lemma common_zeros_of_two_forms_in_line:
  fixes a b :: "'a::field^4"
  assumes D: "a $ i * b $ j - a $ j * b $ i \<noteq> 0"
  shows "\<exists>u v. \<forall>l. (\<Sum>k\<in>UNIV. a $ k * l $ k) = 0 \<and> (\<Sum>k\<in>UNIV. b $ k * l $ k) = 0
           \<longrightarrow> (\<exists>s t. l = s *s u + t *s v)"
proof -
  define D where "D = a $ i * b $ j - a $ j * b $ i"
  have "i \<noteq> j" using assms by auto
  then obtain p q where pq: "distinct [i, j, p, q]" and UNIV: "UNIV = {i, j, p, q}"
    by (rule UNIV_4_eq_distinct_insert)
  \<comment> \<open>w r is the common zero with l $ r = 1 and the other free coordinate 0.\<close>
  define w where "w r = axis r 1 + ((a $ j * b $ r - b $ j * a $ r) / D) *s axis i 1
                              + ((b $ i * a $ r - a $ i * b $ r) / D) *s axis j 1" for r
  have "l = l $ p *s w p + l $ q *s w q"
    if "(\<Sum>k\<in>UNIV. a $ k * l $ k) = 0" "(\<Sum>k\<in>UNIV. b $ k * l $ k) = 0" for l
  proof -
    have "a $ i * l $ i + a $ j * l $ j + (a $ p * l $ p + a $ q * l $ q) = 0"
      "b $ i * l $ i + b $ j * l $ j + (b $ p * l $ p + b $ q * l $ q) = 0"
      using that pq unfolding UNIV by (simp_all add: add.assoc)
    from cramer_rule_2[OF D this] have
      li: "l $ i = (a $ j * (b $ p * l $ p + b $ q * l $ q)
                    - b $ j * (a $ p * l $ p + a $ q * l $ q)) / D" and
      lj: "l $ j = (b $ i * (a $ p * l $ p + a $ q * l $ q)
                    - a $ i * (b $ p * l $ p + b $ q * l $ q)) / D"
      unfolding D_def by simp_all
    show ?thesis
    proof (rule iffD2[OF vec_eq_iff], rule allI)
      fix m
      have "m \<in> {i, j, p, q}" unfolding UNIV[symmetric] by simp
      then show "l $ m = (l $ p *s w p + l $ q *s w q) $ m"
      proof (elim insertE emptyE)
        assume "m = i"
        then show ?thesis using li pq
          by (auto simp: w_def axis_def add_divide_distrib diff_divide_distrib algebra_simps)
      next
        assume "m = j"
        then show ?thesis using lj pq
          by (auto simp: w_def axis_def add_divide_distrib diff_divide_distrib algebra_simps)
      qed (use pq in \<open>auto simp: w_def axis_def\<close>)
    qed
  qed
  then show ?thesis by blast
qed

lemma antisym_kernel_in_line:
  fixes P :: "'a::field_char_0^4^4"
  assumes "transpose P = - P" "P \<noteq> 0"
  shows "\<exists>u v. \<forall>l. P *v l = 0 \<longrightarrow> (\<exists>s t. l = s *s u + t *s v)"
proof -
  obtain i j where Pij: "P $ i $ j \<noteq> 0" using assms(2) by (auto simp: vec_eq_iff)
  have anti: "P $ k $ m = - P $ m $ k" for k m
  proof -
    have "transpose P $ m $ k = (- P) $ m $ k" using assms(1) by simp
    then show ?thesis unfolding transpose_def by simp
  qed
  have "P $ i $ i = 0" "P $ j $ j = 0" using anti[of i i] anti[of j j] by simp_all
  then have "P $ i $ i * P $ j $ j - P $ i $ j * P $ j $ i \<noteq> 0"
    using Pij anti[of j i] by simp
  then obtain u v where uv: "\<forall>l. (\<Sum>k\<in>UNIV. P $ i $ k * l $ k) = 0 \<and> (\<Sum>k\<in>UNIV. P $ j $ k * l $ k) = 0
      \<longrightarrow> (\<exists>s t. l = s *s u + t *s v)"
    using common_zeros_of_two_forms_in_line[of "P $ i" i "P $ j" j] by blast
  have "(\<Sum>k\<in>UNIV. P $ m $ k * l $ k) = 0" if "P *v l = 0" for l m
    using that by (simp add: vec_eq_iff matrix_vector_mult_def)
  then show ?thesis using uv by blast
qed

lemma transpose_mult_nonzero:
  fixes M :: "'a::field^'n^'n" and N :: "'a^'k^'n"
  assumes "\<And>x. M *v x = 0 \<Longrightarrow> x = 0" "N \<noteq> 0"
  shows "transpose M ** N \<noteq> 0"
proof
  assume MN: "transpose M ** N = 0"
  have "\<exists>B. B ** M = mat 1" unfolding matrix_left_invertible_ker using assms(1) by blast
  then obtain B where "M ** B = mat 1" using matrix_left_right_inverse by blast
  then have "transpose (M ** B) = mat 1" by simp
  then have "transpose B ** transpose M = mat 1" by (simp add: matrix_transpose_mul)
  then have "N = transpose B ** (transpose M ** N)" by (simp add: matrix_mul_assoc)
  then show False using MN assms(2) by simp
qed

lemma proj_codim_ge_2_kernel:
  fixes A P :: "complex^4^4"
  assumes "P \<noteq> 0" "transpose P = - P" "\<And>l. A *v l = 0 \<Longrightarrow> P *v l = 0"
  shows "proj_codim_ge {l. l \<noteq> 0 \<and> A *v l = 0} 2"
proof -
  obtain u v where "\<forall>l. P *v l = 0 \<longrightarrow> (\<exists>s t. l = s *s u + t *s v)"
    using antisym_kernel_in_line[OF assms(2,1)] by blast
  then have "{l. l \<noteq> 0 \<and> A *v l = 0} \<subseteq> proj_line u v"
    using assms(3) unfolding proj_line_def by blast
  then show ?thesis by (rule proj_codim_ge_2_if_subset_line)
qed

-*-*-

▸ Work instruction:
Sift through the material above and copy the lines that contain the word "thesis".

▸ Output:
    show ?thesis
        then show ?thesis using li pq
        then show ?thesis using lj pq
  then show ?thesis by blast
    then show ?thesis unfolding transpose_def by simp
  then show ?thesis using uv by blast
  then show ?thesis by (rule proj_codim_ge_2_if_subset_line)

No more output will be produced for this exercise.